─── RECORDS TO USE ───

(* Let $n\ge1$, $m=2n-1$ and $0\le\alpha\le n-1$. An element $s\in R_\alpha^{\langle\tau\rangle}\setminus\{\pm1\}$ lies in $Q_\alpha$ if and only if either (a) $\alpha\ge\lfloor n/2\rfloor$, $s\not\equiv\pm1\bmod u$, and $s^2-1\bmod u$ is a square in $k^\times$; or (b) $s\equiv\varepsilon\bmod u$ with $\varepsilon\in\{\pm1\}$, $s=\varepsilon+t^js_0+O(t^{j+1})$ with $s_0\in k^\times$ and $\max\{1,n-(2\alpha+1)\}\le j\le n-\alpha-1$, and $\varepsilon(-1)^j2s_0$ is a square in $k^\times$. Moreover, with $\mathrm{pr}_\alpha:R_\alpha^{\langle\tau\rangle}=k[t]/(t^{n-\alpha})\to k[t]/(t^{n-\alpha-1})$ the reduction map: (i) if $0\le\alpha\le n-2$, the preimage of $1$ (resp. of $-1$) under $\mathrm{pr}_\alpha|_{Q_\alpha}$ has exactly $(q-1)/2$ elements; (ii) if $0\le\alpha\le n-2$ and $s_0\in R_\alpha^{\langle\tau\rangle,\prime}$ with $\mathrm{pr}_\alpha(s_0)\ne\pm1$, then $\mathrm{pr}_\alpha^{-1}(\mathrm{pr}_\alpha(s_0))$ has $q$ elements, and $s_0\in Q_\alpha$ if and only if $\mathrm{pr}_\alpha^{-1}(\mathrm{pr}_\alpha(s_0))\subseteq Q_\alpha$; (iii) $\#Q_{n-1}=(q-3)/2$.
   Context: $k=\mathbb F_q$, $q$ odd, $t=u^2$. For $0\le\alpha<n$ and $m=2n-1$ let $R_\alpha=k[u]/(u^{m-2\alpha})$ with $\tau$ acting by $u\mapsto-u$, $R_\alpha^{\langle\tau\rangle}=k[t]/(t^{n-\alpha})$ its invariants, $R_\alpha^{\langle\tau\rangle,\prime}=\{s\in R_\alpha^{\langle\tau\rangle}: s\equiv\pm1\bmod u^{m+1-2(2\alpha+1)}\}$ (no condition if the exponent is $\le0$), $N_{\tau,\alpha}:R_\alpha\to R_\alpha^{\langle\tau\rangle}$, $s\mapsto s\tau(s)$, and $Q_\alpha=\{s\in R_\alpha^{\langle\tau\rangle,\prime}: s\tau(s)-1\in N_{\tau,\alpha}(R_\alpha)\}\setminus\{\pm1\}$. *)

theory Defs
  imports "HOL-Computational_Algebra.Polynomial" "HOL-Library.Cardinality"
begin

text \<open>Elements of k[u]/(u^N) are represented by polynomials in u with all
coefficients of index \<ge> N equal to zero; t = u^2.\<close>

definition trunc_u :: "nat \<Rightarrow> 'a::comm_ring_1 poly \<Rightarrow> 'a poly" where
  "trunc_u N p = (\<Sum>i<N. monom (coeff p i) i)"

definition tau :: "'a::comm_ring_1 poly \<Rightarrow> 'a poly" where
  "tau p = pcompose p [:0, -1:]"

definition R_len :: "nat \<Rightarrow> nat \<Rightarrow> nat" where
  "R_len n \<alpha> = (2*n - 1) - 2*\<alpha>"

definition R_alpha :: "nat \<Rightarrow> nat \<Rightarrow> 'a::comm_ring_1 poly set" where
  "R_alpha n \<alpha> = {p. \<forall>i\<ge>R_len n \<alpha>. coeff p i = 0}"

definition R_inv :: "nat \<Rightarrow> nat \<Rightarrow> 'a::comm_ring_1 poly set" where
  "R_inv n \<alpha> = {s \<in> R_alpha n \<alpha>. tau s = s}"

definition congr_u :: "nat \<Rightarrow> 'a::comm_ring_1 poly \<Rightarrow> 'a poly \<Rightarrow> bool" where
  "congr_u E p q \<longleftrightarrow> (\<forall>i<E. coeff p i = coeff q i)"

text \<open>exponent m + 1 - 2(2 alpha + 1), truncated at 0 (no condition if \<le> 0)\<close>
definition R_inv' :: "nat \<Rightarrow> nat \<Rightarrow> 'a::comm_ring_1 poly set" where
  "R_inv' n \<alpha> = {s \<in> R_inv n \<alpha>.
     congr_u ((2*n - 1) + 1 - 2*(2*\<alpha>+1)) s 1 \<or> congr_u ((2*n - 1) + 1 - 2*(2*\<alpha>+1)) s (-1)}"

definition N_tau :: "nat \<Rightarrow> nat \<Rightarrow> 'a::comm_ring_1 poly \<Rightarrow> 'a poly" where
  "N_tau n \<alpha> s = trunc_u (R_len n \<alpha>) (s * tau s)"

definition Q :: "nat \<Rightarrow> nat \<Rightarrow> 'a::comm_ring_1 poly set" where
  "Q n \<alpha> = {s \<in> R_inv' n \<alpha>. N_tau n \<alpha> s - 1 \<in> N_tau n \<alpha> ` R_alpha n \<alpha>} - {1, -1}"

text \<open>reduction k[t]/(t^(n-alpha)) \<rightarrow> k[t]/(t^(n-alpha-1)), i.e. modulo u^(2(n-alpha-1))\<close>
definition pr_alpha :: "nat \<Rightarrow> nat \<Rightarrow> 'a::comm_ring_1 poly \<Rightarrow> 'a poly" where
  "pr_alpha n \<alpha> s = trunc_u (2*(n - \<alpha> - 1)) s"

definition is_nz_square :: "'a::comm_ring_1 \<Rightarrow> bool" where
  "is_nz_square c \<longleftrightarrow> (\<exists>x. x \<noteq> 0 \<and> x^2 = c)"

end

theory Submission
  imports Defs
begin

text \<open>
  Since \<open>2\<close> is invertible, \<open>R\<^sub>\<alpha>\<^sup>\<tau>\<close> consists of the even polynomials in \<open>u\<close> of degree below
  \<open>L = m - 2\<alpha>\<close>, and for such \<open>s\<close> the norm \<open>s \<tau>(s)\<close> is \<open>s\<^sup>2\<close>; so \<open>s \<in> Q\<^sub>\<alpha>\<close> means the
  congruence condition of \<open>R\<^sub>\<alpha>\<^sup>\<tau>\<^sup>,\<^sup>'\<close> together with solvability of \<open>x \<tau>(x) \<equiv> s\<^sup>2 - 1 mod u\<^sup>L\<close>.
  For an even \<open>f\<close> whose lowest nonzero coefficient sits at \<open>u\<^sup>2\<^sup>j\<close> with \<open>2j < L\<close>, the
  equation \<open>x \<tau>(x) \<equiv> f\<close> is solvable iff \<open>(-1)\<^sup>j f\<^sub>2\<^sub>j\<close> is a nonzero square: the lowest
  coefficient of \<open>x \<tau>(x)\<close> is \<open>(-1)\<^sup>j x\<^sub>j\<^sup>2\<close>, and conversely an even square root of
  \<open>(-1)\<^sup>j f / u\<^sup>2\<^sup>j\<close> can be Hensel-lifted, taking \<open>x = u\<^sup>j w\<close>. Applied to
  \<open>s\<^sup>2 - 1 = (s - \<epsilon>)(s + \<epsilon>)\<close> this yields the conditions (a) and (b).

  For the counts, the fibres of \<open>pr\<^sub>\<alpha>\<close> are the lines \<open>s + c t\<^sup>n\<^sup>-\<^sup>\<alpha>\<^sup>-\<^sup>1\<close>. Away from \<open>\<plusminus>1\<close>
  the conditions only see \<open>pr\<^sub>\<alpha>(s)\<close>; over \<open>\<plusminus>1\<close> they ask that \<open>\<plusminus>2c\<close> be a nonzero
  square, and for \<open>\<alpha> = n - 1\<close> that \<open>c\<^sup>2 - 1\<close> be one. These sets of \<open>c\<close> have \<open>(q - 1)/2\<close> and
  \<open>(q - 3)/2\<close> elements, as images of the 2:1 maps \<open>x \<mapsto> x\<^sup>2/a\<close> and \<open>p \<mapsto> (p + p\<^sup>-\<^sup>1)/2\<close>.
\<close>

lemma coeff_trunc_u: "coeff (trunc_u N p) i = (if i < N then coeff p i else 0)"
  unfolding trunc_u_def by (simp add: coeff_sum)

lemma coeff_tau: "coeff (tau p) i = (-1)^i * coeff p i"
  unfolding tau_def using coeff_pcompose_linear[of p "-1"] by simp

lemma coeff_const: "coeff [:c:] i = (if i = 0 then c else 0)"
  by (simp add: coeff_pCons split: nat.splits)

lemma of_nat_CARD_eq_0: "of_nat CARD('a::{finite,ring_1}) = (0::'a)"
proof -
  have "bij (\<lambda>x::'a. x + 1)"
    by (rule bijI') (auto intro: exI[of _ "_ - 1"])
  hence "(\<Sum>x\<in>UNIV. x + (1::'a)) = (\<Sum>x\<in>UNIV. x)"
    using sum.reindex_bij_betw[of "\<lambda>x. x + 1" UNIV UNIV id] by simp
  thus ?thesis by (simp add: sum.distrib)
qed

lemma two_neq_zero_if_odd_card:
  assumes "odd CARD('a::{finite,field})"
  shows "(2::'a) \<noteq> 0"
proof
  assume two: "(2::'a) = 0"
  obtain k where "CARD('a) = 2*k + 1" using assms oddE by blast
  hence "of_nat CARD('a) = (2 * of_nat k + 1 :: 'a)" by simp
  thus False using two of_nat_CARD_eq_0[where 'a='a] by simp
qed

section \<open>Counting squares in the finite field\<close>

lemma card_eq_twice_if_fibers_2:
  assumes "finite A" "f ` A = B" "\<forall>b\<in>B. card {a\<in>A. f a = b} = 2"
  shows "card A = 2 * card B"
proof -
  have "card A = card (\<Union>b\<in>B. {a\<in>A. f a = b})" using assms(2) by (intro arg_cong[of _ _ card]) auto
  also have "\<dots> = (\<Sum>b\<in>B. card {a\<in>A. f a = b})"
    using assms(1,2) by (intro card_UN_disjoint) auto
  finally show ?thesis using assms(3) by simp
qed

lemma card_nz_square_multiples:
  fixes k :: "'a::{finite,field}"
  assumes two: "(2::'a) \<noteq> 0" and k: "k \<noteq> 0"
  shows "card {c. is_nz_square (k * c)} = (CARD('a) - 1) div 2"
proof -
  let ?f = "\<lambda>x::'a. x^2 / k"
  have img: "?f ` (UNIV - {0}) = {c. is_nz_square (k * c)}"
  proof (intro equalityI subsetI)
    fix c assume "c \<in> ?f ` (UNIV - {0})"
    thus "c \<in> {c. is_nz_square (k * c)}" using k by (auto simp: is_nz_square_def)
  next
    fix c assume "c \<in> {c. is_nz_square (k * c)}"
    then obtain y where "y \<noteq> 0" "y^2 = k * c" unfolding is_nz_square_def by blast
    thus "c \<in> ?f ` (UNIV - {0})" using k by (auto intro!: image_eqI[of _ _ y])
  qed
  have "{x \<in> UNIV - {0}. ?f x = ?f y} = {y, -y}" if "y \<noteq> 0" for y
    using k that by (auto simp: power2_eq_iff)
  moreover have "y \<noteq> -y" if "y \<noteq> 0" for y :: 'a
    using that two by (metis add_eq_0_iff mult_2 mult_eq_0_iff)
  ultimately have "\<forall>c\<in>{c. is_nz_square (k * c)}. card {x \<in> UNIV - {0}. ?f x = c} = 2"
    unfolding img[symmetric] by auto
  from card_eq_twice_if_fibers_2[OF _ img this] show ?thesis
    by (simp add: card_Diff_singleton)
qed
definition F_component :: "nat \<Rightarrow> 'k::field freealg \<Rightarrow> 'k freealg" where
  "F_component d f = (\<Sum>w\<in>{w \<in> Poly_Mapping.keys f. length w = d}.
                        Poly_Mapping.single w (Poly_Mapping.lookup f w))"

definition graded_ideal_F :: "nat \<Rightarrow> 'k::field freealg set \<Rightarrow> bool" where
  "graded_ideal_F n I \<longleftrightarrow>
     I \<subseteq> F_set n \<and> 0 \<in> I \<and>
     (\<forall>f\<in>I. \<forall>g\<in>I. f + g \<in> I) \<and>
     (\<forall>a\<in>F_set n. \<forall>f\<in>I. fmul a f \<in> I \<and> fmul f a \<in> I) \<and>
     (\<forall>f\<in>I. \<forall>d. F_component d f \<in> I)"

definition ideal_deg :: "'k::field freealg set \<Rightarrow> nat \<Rightarrow> 'k freealg set" where
  "ideal_deg I d = {f \<in> I. F_homog d f}"

text \<open>Polynomials in variables x_{ij} indexed by pairs (i,j); a monomial is a
  finitely supported exponent vector.\<close>

type_synonym 'k lpoly = "((nat \<times> nat) \<Rightarrow>\<^sub>0 nat) \<Rightarrow>\<^sub>0 'k"

definition var :: "nat \<Rightarrow> nat \<Rightarrow> 'k::field lpoly" where
  "var i j = Poly_Mapping.single (Poly_Mapping.single (i, j) 1) 1"

definition P_set :: "nat \<Rightarrow> 'k::field lpoly set" where
  "P_set n = {p. \<forall>m \<in> Poly_Mapping.keys p. \<forall>v \<in> Poly_Mapping.keys m.
                   1 \<le> fst v \<and> fst v \<le> n \<and> 1 \<le> snd v}"

definition Pd_set :: "nat \<Rightarrow> nat \<Rightarrow> 'k::field lpoly set" where
  "Pd_set n d = {p \<in> P_set n. \<forall>m \<in> Poly_Mapping.keys p. \<forall>v \<in> Poly_Mapping.keys m. snd v \<le> d}"

definition P_homog :: "nat \<Rightarrow> 'k::field lpoly \<Rightarrow> bool" where
  "P_homog d p \<longleftrightarrow> (\<forall>m \<in> Poly_Mapping.keys p. (\<Sum>v\<in>Poly_Mapping.keys m. Poly_Mapping.lookup m v) = d)"

inductive_set ideal_gen :: "'a::comm_ring_1 set \<Rightarrow> 'a set \<Rightarrow> 'a set" for C S where
  gen_zero: "0 \<in> ideal_gen C S"
| gen_base: "s \<in> S \<Longrightarrow> s \<in> ideal_gen C S"
| gen_add:  "a \<in> ideal_gen C S \<Longrightarrow> b \<in> ideal_gen C S \<Longrightarrow> a + b \<in> ideal_gen C S"
| gen_mult: "r \<in> C \<Longrightarrow> a \<in> ideal_gen C S \<Longrightarrow> r * a \<in> ideal_gen C S"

───

■ TASK GOAL
Write out each line above with the word "this".

■ ANSWER BELOW
  \<open>s\<^sup>2 - 1 = (s - \<epsilon>)(s + \<epsilon>)\<close> this yields the conditions (a) and (b).
  from card_eq_twice_if_fibers_2[OF _ img this] show ?thesis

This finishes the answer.